### Directions for this task
Find every line below with the word "length" in it, and copy each one.

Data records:
lemma (in group) subgroup_center_subgroup:
  assumes "subgroup N G"
  shows "subgroup (subgroup_center G N) G"
proof -
  interpret N: subgroup N G by fact
  show ?thesis
  proof
    show "subgroup_center G N \<subseteq> carrier G"
      using N.subset by (auto dest: subgroup_centerD(1))
    show "\<one> \<in> subgroup_center G N"
      by (rule subgroup_centerI) auto
  next
    fix z w assume z: "z \<in> subgroup_center G N" and w: "w \<in> subgroup_center G N"
    note zN = subgroup_centerD(1)[OF z] and wN = subgroup_centerD(1)[OF w]
    show "z \<otimes> w \<in> subgroup_center G N"
    proof (rule subgroup_centerI)
      fix n assume n: "n \<in> N"
      have "z \<otimes> w \<otimes> n = z \<otimes> n \<otimes> w"
        using zN wN n by (simp add: m_assoc subgroup_centerD(2)[OF w n])
      also have "\<dots> = n \<otimes> (z \<otimes> w)"
        using zN wN n by (simp add: m_assoc subgroup_centerD(2)[OF z n])
      finally show "z \<otimes> w \<otimes> n = n \<otimes> (z \<otimes> w)" .
    qed (use zN wN in auto)
  next
    fix z assume z: "z \<in> subgroup_center G N"
    note zN = subgroup_centerD(1)[OF z]
    show "inv z \<in> subgroup_center G N"
    proof (rule subgroup_centerI)
      fix n assume n: "n \<in> N"
      have "inv z \<otimes> n = inv z \<otimes> (n \<otimes> z) \<otimes> inv z"
        using zN n by (simp add: m_assoc)
      also have "\<dots> = n \<otimes> inv z"
        using zN n by (simp add: m_assoc flip: subgroup_centerD(2)[OF z n] m_assoc[of "inv z" z])
      finally show "inv z \<otimes> n = n \<otimes> inv z" .
    qed (use zN in auto)
  qed
qed
(* For every rational number $\alpha>0$ there exists a rational function $g(t)=\sum_{k=1}^N\frac{a_k}{t-iw_k}$ (with $a_k,w_k\in\mathbb{C}$, $a_k\ne0$, $\Re w_k\ne0$) such that the Gabor system $\mathcal{G}(g;\alpha,1)$ is not a frame in $L^2(\mathbb{R})$.
   Context: $\mathcal{G}(g;\alpha,1)=\{e^{2\pi i n t}g(t-\alpha m)\}_{m,n\in\mathbb{Z}}$; it is a frame in $L^2(\mathbb{R})$ if there are $0<A\le B<\infty$ with $A\|f\|^2\le\sum_{m,n}|\langle f, e^{2\pi i n\cdot}g(\cdot-\alpha m)\rangle|^2\le B\|f\|^2$ for all $f\in L^2(\mathbb{R})$. *)

theory Defs
  imports "HOL-Analysis.Analysis"
begin

definition L2 :: "(real \<Rightarrow> complex) set" where
  "L2 = {f. f \<in> borel_measurable lebesgue \<and> integrable lebesgue (\<lambda>t. (cmod (f t))\<^sup>2)}"

definition L2_inner :: "(real \<Rightarrow> complex) \<Rightarrow> (real \<Rightarrow> complex) \<Rightarrow> complex" where
  "L2_inner f h = (LINT t|lebesgue. f t * cnj (h t))"

definition L2_norm_sq :: "(real \<Rightarrow> complex) \<Rightarrow> real" where
  "L2_norm_sq f = (LINT t|lebesgue. (cmod (f t))\<^sup>2)"

definition gabor_atom :: "(real \<Rightarrow> complex) \<Rightarrow> real \<Rightarrow> int \<Rightarrow> int \<Rightarrow> real \<Rightarrow> complex" where
  "gabor_atom g \<alpha> m n t = exp (2 * of_real pi * \<i> * of_int n * of_real t) * g (t - \<alpha> * of_int m)"

definition gabor_frame :: "(real \<Rightarrow> complex) \<Rightarrow> real \<Rightarrow> bool" where
  "gabor_frame g \<alpha> \<longleftrightarrow>
     (\<exists>(A::real) B. 0 < A \<and> A \<le> B \<and>
       (\<forall>f\<in>L2.
          let c = (\<lambda>(m, n). (cmod (L2_inner f (gabor_atom g \<alpha> m n)))\<^sup>2) in
          (c summable_on (UNIV :: (int \<times> int) set)) \<and>
          A * L2_norm_sq f \<le> infsum c UNIV \<and> infsum c UNIV \<le> B * L2_norm_sq f))"

end
section \<open>The linear system on the active set\<close>

(* The vectors A^T e, x^(2)_i (i in EB), x^(3)_k (k in EC) in the order of the rows of Abar;
   Abar_index shows that Abar is their bordered Gram matrix with respect to A^*. *)
definition active_point :: "nat list \<Rightarrow> nat list \<Rightarrow> nat \<Rightarrow> real vec" where
  "active_point EB EC c = (if c = 0 then u else if c \<le> length EB then x2 (EB ! (c - 1))
     else x3 (EC ! (c - Suc (length EB))))"

lemma active_point_carrier:
  assumes "set EB \<subseteq> {..<l2}" "set EC \<subseteq> {..<l3}" "c < Suc (length EB + length EC)"
  shows "active_point EB EC c \<in> carrier_vec n"
  using assms x2_carrier x3_carrier by (auto simp: active_point_def subset_iff)

lemma nth_x2_carrier:
  "set EB \<subseteq> {..<l2} \<Longrightarrow> t < length EB \<Longrightarrow> x2 (EB ! t) \<in> carrier_vec n"
  "set EB \<subseteq> {..<l2} \<Longrightarrow> t < length EB \<Longrightarrow> dim_vec (x2 (EB ! t)) = n"
  using x2_carrier by (auto simp: subset_iff)

lemma nth_x3_carrier:
  "set EC \<subseteq> {..<l3} \<Longrightarrow> t < length EC \<Longrightarrow> x3 (EC ! t) \<in> carrier_vec n"
  "set EC \<subseteq> {..<l3} \<Longrightarrow> t < length EC \<Longrightarrow> dim_vec (x3 (EC ! t)) = n"
  using x3_carrier by (auto simp: subset_iff)
(* Let $F$ be a field of characteristic not $2$. Then every PC-map $\mathrm{UT}(3,F)\to\mathrm{UT}(3,F)$ is a composition of a permutable PC-map, a field automorphism, and a central PC-map.
   Context: $\mathrm{UT}(3,F)$ is the group of upper unitriangular $3\times3$ matrices over $F$; $a_{ij}$ denotes the $(i,j)$ entry, $e_{ij}$ the matrix unit, $t_{ij}(\alpha)=e+\alpha e_{ij}$. $[x,y]=xyx^{-1}y^{-1}$. A PC-map is a bijection $\varphi$ of the group with $\varphi([x,y])=[\varphi(x),\varphi(y)]$ for all $x,y$. A permutable PC-map is a map of the form $a\mapsto\begin{pmatrix}1&\alpha a_{12}+\beta a_{23}&(\alpha\delta-\beta\gamma)a_{13}\\0&1&\gamma a_{12}+\delta a_{23}\\0&0&1\end{pmatrix}$ with fixed $\alpha,\beta,\gamma,\delta\in F$, $\alpha\delta-\beta\gamma\ne0$. A field automorphism of $\mathrm{UT}(3,F)$ is the map $(a_{ij})\mapsto(\theta(a_{ij}))$ for a field automorphism $\theta$ of $F$. A central PC-map is a PC-map of the form $a\mapsto a\,t_{13}(f(a))$ for some function $f:\mathrm{UT}(3,F)\to F$. *)

theory Defs
  imports Main
begin

text \<open>An element of UT(3,F) (upper unitriangular 3x3 matrix over F) is represented by
  the triple of its above-diagonal entries (a12, a23, a13).\<close>

type_synonym 'a ut3 = "'a \<times> 'a \<times> 'a"

definition a12 :: "'a ut3 \<Rightarrow> 'a" where "a12 x = fst x"
definition a23 :: "'a ut3 \<Rightarrow> 'a" where "a23 x = fst (snd x)"
definition a13 :: "'a ut3 \<Rightarrow> 'a" where "a13 x = snd (snd x)"

definition ut_mult :: "'a::field ut3 \<Rightarrow> 'a ut3 \<Rightarrow> 'a ut3" where
  "ut_mult x y = (a12 x + a12 y, a23 x + a23 y, a13 x + a13 y + a12 x * a23 y)"

definition ut_inv :: "'a::field ut3 \<Rightarrow> 'a ut3" where
  "ut_inv x = (- a12 x, - a23 x, a12 x * a23 x - a13 x)"

definition ut_comm :: "'a::field ut3 \<Rightarrow> 'a ut3 \<Rightarrow> 'a ut3" where
  "ut_comm x y = ut_mult (ut_mult (ut_mult x y) (ut_inv x)) (ut_inv y)"

definition t13 :: "'a::field \<Rightarrow> 'a ut3" where
  "t13 \<alpha> = (0, 0, \<alpha>)"

definition PC_map :: "('a::field ut3 \<Rightarrow> 'a ut3) \<Rightarrow> bool" where
  "PC_map \<phi> \<longleftrightarrow> bij \<phi> \<and> (\<forall>x y. \<phi> (ut_comm x y) = ut_comm (\<phi> x) (\<phi> y))"

definition permutable_map :: "'a::field \<Rightarrow> 'a \<Rightarrow> 'a \<Rightarrow> 'a \<Rightarrow> 'a ut3 \<Rightarrow> 'a ut3" where
  "permutable_map \<alpha> \<beta> \<gamma> \<delta> a =
     (\<alpha> * a12 a + \<beta> * a23 a, \<gamma> * a12 a + \<delta> * a23 a, (\<alpha> * \<delta> - \<beta> * \<gamma>) * a13 a)"

definition permutable_PC_map :: "('a::field ut3 \<Rightarrow> 'a ut3) \<Rightarrow> bool" where
  "permutable_PC_map \<psi> \<longleftrightarrow>
     (\<exists>\<alpha> \<beta> \<gamma> \<delta>. \<alpha> * \<delta> - \<beta> * \<gamma> \<noteq> 0 \<and> \<psi> = permutable_map \<alpha> \<beta> \<gamma> \<delta>)"

definition field_automorphism :: "('a::field \<Rightarrow> 'a) \<Rightarrow> bool" where
  "field_automorphism \<theta> \<longleftrightarrow> bij \<theta> \<and> (\<forall>x y. \<theta> (x + y) = \<theta> x + \<theta> y)
      \<and> (\<forall>x y. \<theta> (x * y) = \<theta> x * \<theta> y) \<and> \<theta> 1 = 1"

definition ut_field_aut :: "('a::field \<Rightarrow> 'a) \<Rightarrow> 'a ut3 \<Rightarrow> 'a ut3" where
  "ut_field_aut \<theta> a = (\<theta> (a12 a), \<theta> (a23 a), \<theta> (a13 a))"

definition central_PC_map :: "('a::field ut3 \<Rightarrow> 'a ut3) \<Rightarrow> bool" where
  "central_PC_map \<psi> \<longleftrightarrow> PC_map \<psi> \<and> (\<exists>f. \<forall>a. \<psi> a = ut_mult a (t13 (f a)))"

end

theory Submission
  imports Defs
begin

text \<open>The commutator of two elements of UT(3,F) is the central element whose corner entry is
  the symplectic form of their (1,2),(2,3) entries. A PC-map \<open>\<phi>\<close> therefore maps the centre
  onto itself, via some bijection \<open>g\<close> of F, and transforms this form by \<open>g\<close>. Testing against the
  generators \<open>t12 1\<close> and \<open>t23 1\<close> shows by Cramer's rule that the non-central part of \<open>\<phi>\<close> is
  a fixed invertible 2x2 matrix applied to the entries transformed by \<open>\<theta> = g / g 1\<close>, and \<open>\<theta>\<close>
  preserves all 2x2 determinants \<open>a b - c e\<close>, which forces it to be a field automorphism.
  What remains of \<open>\<phi>\<close> changes only the corner entry: it is a central PC-map.\<close>

definition t12 :: "'a::field \<Rightarrow> 'a ut3" where
  "t12 \<alpha> = (\<alpha>, 0, 0)"

definition t23 :: "'a::field \<Rightarrow> 'a ut3" where
  "t23 \<alpha> = (0, \<alpha>, 0)"

definition ut_comm_coeff :: "'a::field ut3 \<Rightarrow> 'a ut3 \<Rightarrow> 'a" where
  "ut_comm_coeff x y = a12 x * a23 y - a23 x * a12 y"

lemma ut_entries [simp]: "a12 (u, v, w) = u" "a23 (u, v, w) = v" "a13 (u, v, w) = w"
  by (simp_all add: a12_def a23_def a13_def)

lemma ut3_eqI: "a12 x = a12 y \<Longrightarrow> a23 x = a23 y \<Longrightarrow> a13 x = a13 y \<Longrightarrow> x = y"
  by (simp add: a12_def a23_def a13_def prod_eq_iff)

lemma ut_comm_eq_t13: "ut_comm x y = t13 (ut_comm_coeff x y)"
  unfolding ut_comm_def ut_mult_def ut_inv_def t13_def ut_comm_coeff_def
  by (simp add: algebra_simps)

lemma t13_eq_ut_comm: "t13 c = ut_comm (t12 1) (t23 c)"
  by (simp add: ut_comm_eq_t13 ut_comm_coeff_def t12_def t23_def)

lemma cramer_2x2:
  fixes X Y :: "'a::field"
  assumes "X * \<delta> - Y * \<beta> = A" and "\<alpha> * Y - \<gamma> * X = B" and "\<alpha> * \<delta> - \<beta> * \<gamma> \<noteq> 0"
  shows "X = (A * \<alpha> + B * \<beta>) / (\<alpha> * \<delta> - \<beta> * \<gamma>)"
    and "Y = (A * \<gamma> + B * \<delta>) / (\<alpha> * \<delta> - \<beta> * \<gamma>)"
proof -
  have "X * (\<alpha> * \<delta> - \<beta> * \<gamma>) = A * \<alpha> + B * \<beta>"
    and "Y * (\<alpha> * \<delta> - \<beta> * \<gamma>) = A * \<gamma> + B * \<delta>"
    unfolding assms(1,2)[symmetric] by (simp_all add: algebra_simps)
  with assms(3) show "X = (A * \<alpha> + B * \<beta>) / (\<alpha> * \<delta> - \<beta> * \<gamma>)"
    and "Y = (A * \<gamma> + B * \<delta>) / (\<alpha> * \<delta> - \<beta> * \<gamma>)"
    by (simp_all add: eq_divide_eq)
qed

lemma field_automorphismI_det:
  fixes \<theta> :: "'a::field \<Rightarrow> 'a"
  assumes "bij \<theta>" and one: "\<theta> 1 = 1"
    and det: "\<And>a b c e. \<theta> (a * b - c * e) = \<theta> a * \<theta> b - \<theta> c * \<theta> e"
  shows "field_automorphism \<theta>"
proof -
  have zero: "\<theta> 0 = 0"
    using det[of 0 0 0 0] by simp
  have mult: "\<theta> (a * b) = \<theta> a * \<theta> b" for a b
    using det[of a b 0 0] zero by simp
  have diff: "\<theta> (a - b) = \<theta> a - \<theta> b" for a b
    using det[of a 1 b 1] one by simp
  have "\<theta> (a + b) = \<theta> a + \<theta> b" for a b
    using diff[of a "- b"] diff[of 0 b] zero by simp
  with assms(1) mult one show ?thesis
    unfolding field_automorphism_def by blast
qed

lemma bij_permutable_map:
  assumes det: "\<alpha> * \<delta> - \<beta> * \<gamma> \<noteq> 0"
  shows "bij (permutable_map \<alpha> \<beta> \<gamma> \<delta>)"
proof (rule bijI)
  let ?\<pi> = "permutable_map \<alpha> \<beta> \<gamma> \<delta>"
  have solve: "a12 x * (\<alpha> * \<delta> - \<beta> * \<gamma>) = \<delta> * a12 (?\<pi> x) - \<beta> * a23 (?\<pi> x)"
    "a23 x * (\<alpha> * \<delta> - \<beta> * \<gamma>) = \<alpha> * a23 (?\<pi> x) - \<gamma> * a12 (?\<pi> x)"
    "a13 (?\<pi> x) = (\<alpha> * \<delta> - \<beta> * \<gamma>) * a13 x" for x
    by (simp_all add: permutable_map_def algebra_simps)
  show "inj ?\<pi>"
  proof (rule injI)
    fix x y
    assume "?\<pi> x = ?\<pi> y"
    then show "x = y"
      using solve[of x] solve[of y] det by (intro ut3_eqI) (metis mult_right_cancel mult_left_cancel)+
  qed
  show "surj ?\<pi>"
  proof (rule surjI)
    fix z
    define D where "D = \<alpha> * \<delta> - \<beta> * \<gamma>"
    have "\<alpha> * (\<delta> * a12 z - \<beta> * a23 z) + \<beta> * (\<alpha> * a23 z - \<gamma> * a12 z) = a12 z * D"
      and "\<gamma> * (\<delta> * a12 z - \<beta> * a23 z) + \<delta> * (\<alpha> * a23 z - \<gamma> * a12 z) = a23 z * D"
      by (simp_all add: D_def algebra_simps)
    then show "?\<pi> ((\<delta> * a12 z - \<beta> * a23 z) / D, (\<alpha> * a23 z - \<gamma> * a12 z) / D, a13 z / D) = z"
      using det unfolding D_def[symmetric]
      by (intro ut3_eqI) (simp_all add: permutable_map_def flip: D_def, simp_all add: field_simps)
  qed
qed

lemma bij_ut_field_aut:
  assumes "bij \<theta>"
  shows "bij (ut_field_aut \<theta>)"
proof (rule o_bij)
  show "ut_field_aut (inv \<theta>) \<circ> ut_field_aut \<theta> = id"
    using bij_is_inj[OF assms] by (intro ext ut3_eqI) (simp_all add: ut_field_aut_def)
  show "ut_field_aut \<theta> \<circ> ut_field_aut (inv \<theta>) = id"
    using bij_is_surj[OF assms] by (intro ext ut3_eqI) (simp_all add: ut_field_aut_def surj_f_inv_f)
qed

### Output
  "active_point EB EC c = (if c = 0 then u else if c \<le> length EB then x2 (EB ! (c - 1))
     else x3 (EC ! (c - Suc (length EB))))"
  assumes "set EB \<subseteq> {..<l2}" "set EC \<subseteq> {..<l3}" "c < Suc (length EB + length EC)"
  "set EB \<subseteq> {..<l2} \<Longrightarrow> t < length EB \<Longrightarrow> x2 (EB ! t) \<in> carrier_vec n"
  "set EB \<subseteq> {..<l2} \<Longrightarrow> t < length EB \<Longrightarrow> dim_vec (x2 (EB ! t)) = n"
  "set EC \<subseteq> {..<l3} \<Longrightarrow> t < length EC \<Longrightarrow> x3 (EC ! t) \<in> carrier_vec n"
  "set EC \<subseteq> {..<l3} \<Longrightarrow> t < length EC \<Longrightarrow> dim_vec (x3 (EC ! t)) = n"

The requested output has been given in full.